Чтобы наладить интеллектуальный контакт, начальник перешел на лагерный жаргон. Он предостерег молодую женщину от закона зэков, блатного устава, и тех его трактовок, к которым могли обратиться Хохот Мальчуган и Джоган Штернхаген. Он напомнил, что лагерный распорядок охраняет ее от услуг и что ее тело отнюдь не является меновым товаром для заключенных. Вас держат здесь для того, чтобы перевоспитать, а не для того, чтобы унизить, поучал он, постоянно косясь на нее. Он побуждал ее немедленно прийти с жалобой, если кто-нибудь пожелает насильно навязать ей эмоциональную или сексуальную близость.

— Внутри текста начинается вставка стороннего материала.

lemma generalized_hyperbolic_bounded_solution:
  fixes T :: "'a::banach \<Rightarrow> 'a"
  assumes "L_aut T" and "generalized_hyperbolic T"
  obtains K where "K > 0" "\<And>e \<eta>. (\<And>n::int. norm (e n) \<le> \<eta>) \<Longrightarrow>
    \<exists>w. (\<forall>n. w (n + 1) = T (w n) + e n) \<and> (\<forall>n. norm (w n) \<le> K * \<eta>)"
proof -
  obtain Em Ep where "generalized_hyperbolic_split T Em Ep"
    using assms(2) unfolding generalized_hyperbolic_def by blast
  then have cc: "complementary_closed_subspaces Em Ep" and invariant: "T ` Ep \<subseteq> Ep" "inv T ` Em \<subseteq> Em"
    and "uniform_contraction_on Ep T" "uniform_contraction_on Em (inv T)"
    unfolding generalized_hyperbolic_split_def by auto
  then obtain tp tm where tp: "0 \<le> tp" "tp < 1" "\<And>x. x \<in> Ep \<Longrightarrow> norm (T x) \<le> tp * norm x"
    and tm: "0 \<le> tm" "tm < 1" "\<And>x. x \<in> Em \<Longrightarrow> norm (inv T x) \<le> tm * norm x"
    by (metis uniform_contraction_onE)
  obtain P Q C where PQ: "\<And>x. P x \<in> Em" "\<And>x. Q x \<in> Ep" "\<And>x. x = P x + Q x"
    "\<And>x. norm (P x) \<le> C * norm x" "\<And>x. norm (Q x) \<le> C * norm x" and C: "C > 0"
    using complementary_closed_subspaces_bounded_projections[OF cc] by metis
  have T: "bounded_linear T" "bij T" "bounded_linear (inv T)"
    using assms(1) unfolding L_aut_def by auto
  have sub: "subspace Em"
    using cc unfolding complementary_closed_subspaces_def by blast
  show ?thesis
  proof (rule that[of "C / (1 - tp) + C / (1 - tm)"])
    show "C / (1 - tp) + C / (1 - tm) > 0"
      using C tp tm by (simp add: add_pos_pos)
    fix e :: "int \<Rightarrow> 'a" and \<eta> :: real
    assume e: "\<And>n. norm (e n) \<le> \<eta>"
    have bound: "norm (R (e n)) \<le> C * \<eta>" if "\<And>x. norm (R x) \<le> C * norm x" for R n
      using order_trans[OF that mult_left_mono[OF e]] C by simp
    \<comment> \<open>Solve separately for the components of the forcing in Ep (forward) and in Em (backward).\<close>
    obtain a where a: "\<And>n. a (n + 1) = T (a n) + Q (e n)" "\<And>n. norm (a n) \<le> C * \<eta> / (1 - tp)"
      using contraction_bounded_forward_solution[OF T(1) invariant(1) tp(3) tp(1,2), of "\<lambda>n. Q (e n)"]
        PQ(2) bound[OF PQ(5)] by blast
    obtain b where b: "\<And>n. b (n + 1) = T (b n) + P (e n)" "\<And>n. norm (b n) \<le> C * \<eta> / (1 - tm)"
      using inverse_contraction_bounded_backward_solution[OF T(2,3) sub invariant(2) tm(3) tm(1,2),
          of "\<lambda>n. P (e n)"] PQ(1) bound[OF PQ(4)] by blast
    define w where "w n = a n + b n" for n
    have "w (n + 1) = T (w n) + e n" for n
    proof -
      have "w (n + 1) = T (a n + b n) + (P (e n) + Q (e n))"
        using a(1) b(1) linear_add[OF bounded_linear.linear[OF T(1)]] by (simp add: w_def)
      then show ?thesis
        using PQ(3)[of "e n"] by (simp add: w_def)
    qed
    moreover have "norm (w n) \<le> (C / (1 - tp) + C / (1 - tm)) * \<eta>" for n
      unfolding w_def using norm_triangle_le[OF add_mono[OF a(2) b(2)]] by (simp add: algebra_simps)
    ultimately show "\<exists>w. (\<forall>n. w (n + 1) = T (w n) + e n)
      \<and> (\<forall>n. norm (w n) \<le> (C / (1 - tp) + C / (1 - tm)) * \<eta>)"
      by blast
  qed
qed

Ирена Соледад и не думала отвечать на эти речи. Она мяла себе в руках шаль, покачивалась, оглаживала руками основание своих пышных грудей, потом шею, щеки, спроваживала один из пальцев в уголок набухших губ, чтобы вытереть жемчужинку слюны. Она не улыбалась. Она вздохнула. Бедра ее пританцовывали. Она вела себя так, будто начальника не существует. Она напоминала молодую, пышущую здоровьем крестьянку, глухую и немую.
Начальник в раздражении смолк, потом ее отпустил. В руках у него шелестело дело Ирены Соледад, осужденной, как и все мы, за проституцию с рецидивами и пособничество террористической группе.
Заключенная повернулась кругом и, не говоря ни слова, следом за солдатом, который также не открывал рта, направилась к двери. Я пристроился за ними. Втроем мы молча пересекли газон, грунтовую дорогу, миновали куст смородины, квадригу берез и поплелись дальше посыпанным песком двором, который во время переклички бригады расчертили сетью параллельных тропинок. Лагерь утюжили тучи. Их сплошной фронт наваливался прямо на лиственницы, тесня на своем пути галок и ворон, которые маленькими стайками пытались бороться с ветром. Воздух пах снегом.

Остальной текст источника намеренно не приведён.